- **Task goal**: Nothing should differ. Repeat every record as written.

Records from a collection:
★ ★ ★ ★ ★

(* Let $T$ be a minimal homeomorphism of a compact metric space $X$, let $G$ be a locally compact second countable group, and let $f\colon X\to G$ be a continuous regular cocycle. Let $C\subseteq X\times G$ be a surjective $\mathbf T_f$-orbit closure and $H=\mathrm{Stab}(C)$. Then for every point $(x,g)\in C$ whose $\mathbf T_f$-orbit is dense in $C$ we have $C_x=\{g'\in G:(x,g')\in C\}=gH$. Furthermore, the set $C/H=\{(x,gH):(x,g)\in C\}\subseteq X\times G/H$ is compact and $\mathbf T_f\colon C/H\to C/H$, $(x,gH)\mapsto(Tx,f(x)gH)$, is a minimal homeomorphism. In particular, for every $x\in X$ there exists a compact set $K_x\subseteq G$ with $C_x=K_xH$.
   Context: The cocycle is $f(n,x)=f(T^{n-1}x)\cdots f(x)$ for $n\ge1$, $f(0,x)=\mathbf 1_G$, $f(n,x)=f(-n,T^nx)^{-1}$ for $n<0$. The skew product is the homeomorphism $\mathbf T_f(x,g)=(Tx,f(x)g)$ of $X\times G$, so $\mathbf T_f^n(x,g)=(T^nx,f(n,x)g)$. A surjective $\mathbf T_f$-orbit closure is the closure of the $\mathbf T_f$-orbit $\{\mathbf T_f^n(x_0,g_0):n\in\mathbb Z\}$ of a single point which projects onto all of $X$ under the first coordinate projection; $f$ is called regular if such an orbit closure exists. For a closed set $C\subseteq X\times G$, $\mathrm{Stab}(C)=\{h\in G: R_h(C)=C\}$ where $R_h(x,g)=(x,gh^{-1})$; this is a closed subgroup. *)

theory Defs
  imports "HOL-Analysis.Analysis"
begin

text \<open>Groups are written additively (class group_add, not necessarily commutative):
  the product g h of the paper is g + h, h inverse is - h, the unit is 0.\<close>

definition topological_group :: "'g::{group_add,topological_space} itself \<Rightarrow> bool" where
  "topological_group _ \<longleftrightarrow>
     continuous_on UNIV (\<lambda>p::'g \<times> 'g. fst p + snd p) \<and> continuous_on UNIV (uminus :: 'g \<Rightarrow> 'g)"

definition Tpow :: "('a \<Rightarrow> 'a) \<Rightarrow> int \<Rightarrow> 'a \<Rightarrow> 'a" where
  "Tpow T n x = (if 0 \<le> n then (T ^^ nat n) x else (inv T ^^ nat (- n)) x)"

definition minimal_homeo :: "('a::topological_space \<Rightarrow> 'a) \<Rightarrow> bool" where
  "minimal_homeo T \<longleftrightarrow> bij T \<and> continuous_on UNIV T \<and> continuous_on UNIV (inv T) \<and>
     (\<forall>x. closure (range (\<lambda>n. Tpow T n x)) = UNIV)"

fun cocycle_nat :: "('a \<Rightarrow> 'a) \<Rightarrow> ('a \<Rightarrow> 'g::group_add) \<Rightarrow> nat \<Rightarrow> 'a \<Rightarrow> 'g" where
  "cocycle_nat T f 0 x = 0"
| "cocycle_nat T f (Suc n) x = f ((T ^^ n) x) + cocycle_nat T f n x"

definition cocycle :: "('a \<Rightarrow> 'a) \<Rightarrow> ('a \<Rightarrow> 'g::group_add) \<Rightarrow> int \<Rightarrow> 'a \<Rightarrow> 'g" where
  "cocycle T f n x = (if 0 \<le> n then cocycle_nat T f (nat n) x
                      else - cocycle_nat T f (nat (- n)) (Tpow T n x))"

definition skew :: "('a \<Rightarrow> 'a) \<Rightarrow> ('a \<Rightarrow> 'g::group_add) \<Rightarrow> 'a \<times> 'g \<Rightarrow> 'a \<times> 'g" where
  "skew T f p = (T (fst p), f (fst p) + snd p)"

definition skew_pow :: "('a \<Rightarrow> 'a) \<Rightarrow> ('a \<Rightarrow> 'g::group_add) \<Rightarrow> int \<Rightarrow> 'a \<times> 'g \<Rightarrow> 'a \<times> 'g" where
  "skew_pow T f n p = (Tpow T n (fst p), cocycle T f n (fst p) + snd p)"

definition skew_orbit :: "('a \<Rightarrow> 'a) \<Rightarrow> ('a \<Rightarrow> 'g::group_add) \<Rightarrow> 'a \<times> 'g \<Rightarrow> ('a \<times> 'g) set" where
  "skew_orbit T f p = range (\<lambda>n. skew_pow T f n p)"

definition surj_orbit_closure ::
  "('a \<Rightarrow> 'a) \<Rightarrow> ('a \<Rightarrow> 'g::{group_add,topological_space}) \<Rightarrow> ('a::topological_space \<times> 'g) set \<Rightarrow> bool" where
  "surj_orbit_closure T f C \<longleftrightarrow> (\<exists>p. C = closure (skew_orbit T f p)) \<and> fst ` C = UNIV"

★ ★ ★ ★ ★

- **Solved exercise**:
(* Let $T$ be a minimal homeomorphism of a compact metric space $X$, let $G$ be a locally compact second countable group, and let $f\colon X\to G$ be a continuous regular cocycle. Let $C\subseteq X\times G$ be a surjective $\mathbf T_f$-orbit closure and $H=\mathrm{Stab}(C)$. Then for every point $(x,g)\in C$ whose $\mathbf T_f$-orbit is dense in $C$ we have $C_x=\{g'\in G:(x,g')\in C\}=gH$. Furthermore, the set $C/H=\{(x,gH):(x,g)\in C\}\subseteq X\times G/H$ is compact and $\mathbf T_f\colon C/H\to C/H$, $(x,gH)\mapsto(Tx,f(x)gH)$, is a minimal homeomorphism. In particular, for every $x\in X$ there exists a compact set $K_x\subseteq G$ with $C_x=K_xH$.
   Context: The cocycle is $f(n,x)=f(T^{n-1}x)\cdots f(x)$ for $n\ge1$, $f(0,x)=\mathbf 1_G$, $f(n,x)=f(-n,T^nx)^{-1}$ for $n<0$. The skew product is the homeomorphism $\mathbf T_f(x,g)=(Tx,f(x)g)$ of $X\times G$, so $\mathbf T_f^n(x,g)=(T^nx,f(n,x)g)$. A surjective $\mathbf T_f$-orbit closure is the closure of the $\mathbf T_f$-orbit $\{\mathbf T_f^n(x_0,g_0):n\in\mathbb Z\}$ of a single point which projects onto all of $X$ under the first coordinate projection; $f$ is called regular if such an orbit closure exists. For a closed set $C\subseteq X\times G$, $\mathrm{Stab}(C)=\{h\in G: R_h(C)=C\}$ where $R_h(x,g)=(x,gh^{-1})$; this is a closed subgroup. *)

theory Defs
  imports "HOL-Analysis.Analysis"
begin

text \<open>Groups are written additively (class group_add, not necessarily commutative):
  the product g h of the paper is g + h, h inverse is - h, the unit is 0.\<close>

definition topological_group :: "'g::{group_add,topological_space} itself \<Rightarrow> bool" where
  "topological_group _ \<longleftrightarrow>
     continuous_on UNIV (\<lambda>p::'g \<times> 'g. fst p + snd p) \<and> continuous_on UNIV (uminus :: 'g \<Rightarrow> 'g)"

definition Tpow :: "('a \<Rightarrow> 'a) \<Rightarrow> int \<Rightarrow> 'a \<Rightarrow> 'a" where
  "Tpow T n x = (if 0 \<le> n then (T ^^ nat n) x else (inv T ^^ nat (- n)) x)"

definition minimal_homeo :: "('a::topological_space \<Rightarrow> 'a) \<Rightarrow> bool" where
  "minimal_homeo T \<longleftrightarrow> bij T \<and> continuous_on UNIV T \<and> continuous_on UNIV (inv T) \<and>
     (\<forall>x. closure (range (\<lambda>n. Tpow T n x)) = UNIV)"

fun cocycle_nat :: "('a \<Rightarrow> 'a) \<Rightarrow> ('a \<Rightarrow> 'g::group_add) \<Rightarrow> nat \<Rightarrow> 'a \<Rightarrow> 'g" where
  "cocycle_nat T f 0 x = 0"
| "cocycle_nat T f (Suc n) x = f ((T ^^ n) x) + cocycle_nat T f n x"

definition cocycle :: "('a \<Rightarrow> 'a) \<Rightarrow> ('a \<Rightarrow> 'g::group_add) \<Rightarrow> int \<Rightarrow> 'a \<Rightarrow> 'g" where
  "cocycle T f n x = (if 0 \<le> n then cocycle_nat T f (nat n) x
                      else - cocycle_nat T f (nat (- n)) (Tpow T n x))"

definition skew :: "('a \<Rightarrow> 'a) \<Rightarrow> ('a \<Rightarrow> 'g::group_add) \<Rightarrow> 'a \<times> 'g \<Rightarrow> 'a \<times> 'g" where
  "skew T f p = (T (fst p), f (fst p) + snd p)"

definition skew_pow :: "('a \<Rightarrow> 'a) \<Rightarrow> ('a \<Rightarrow> 'g::group_add) \<Rightarrow> int \<Rightarrow> 'a \<times> 'g \<Rightarrow> 'a \<times> 'g" where
  "skew_pow T f n p = (Tpow T n (fst p), cocycle T f n (fst p) + snd p)"

definition skew_orbit :: "('a \<Rightarrow> 'a) \<Rightarrow> ('a \<Rightarrow> 'g::group_add) \<Rightarrow> 'a \<times> 'g \<Rightarrow> ('a \<times> 'g) set" where
  "skew_orbit T f p = range (\<lambda>n. skew_pow T f n p)"

definition surj_orbit_closure ::
  "('a \<Rightarrow> 'a) \<Rightarrow> ('a \<Rightarrow> 'g::{group_add,topological_space}) \<Rightarrow> ('a::topological_space \<times> 'g) set \<Rightarrow> bool" where
  "surj_orbit_closure T f C \<longleftrightarrow> (\<exists>p. C = closure (skew_orbit T f p)) \<and> fst ` C = UNIV"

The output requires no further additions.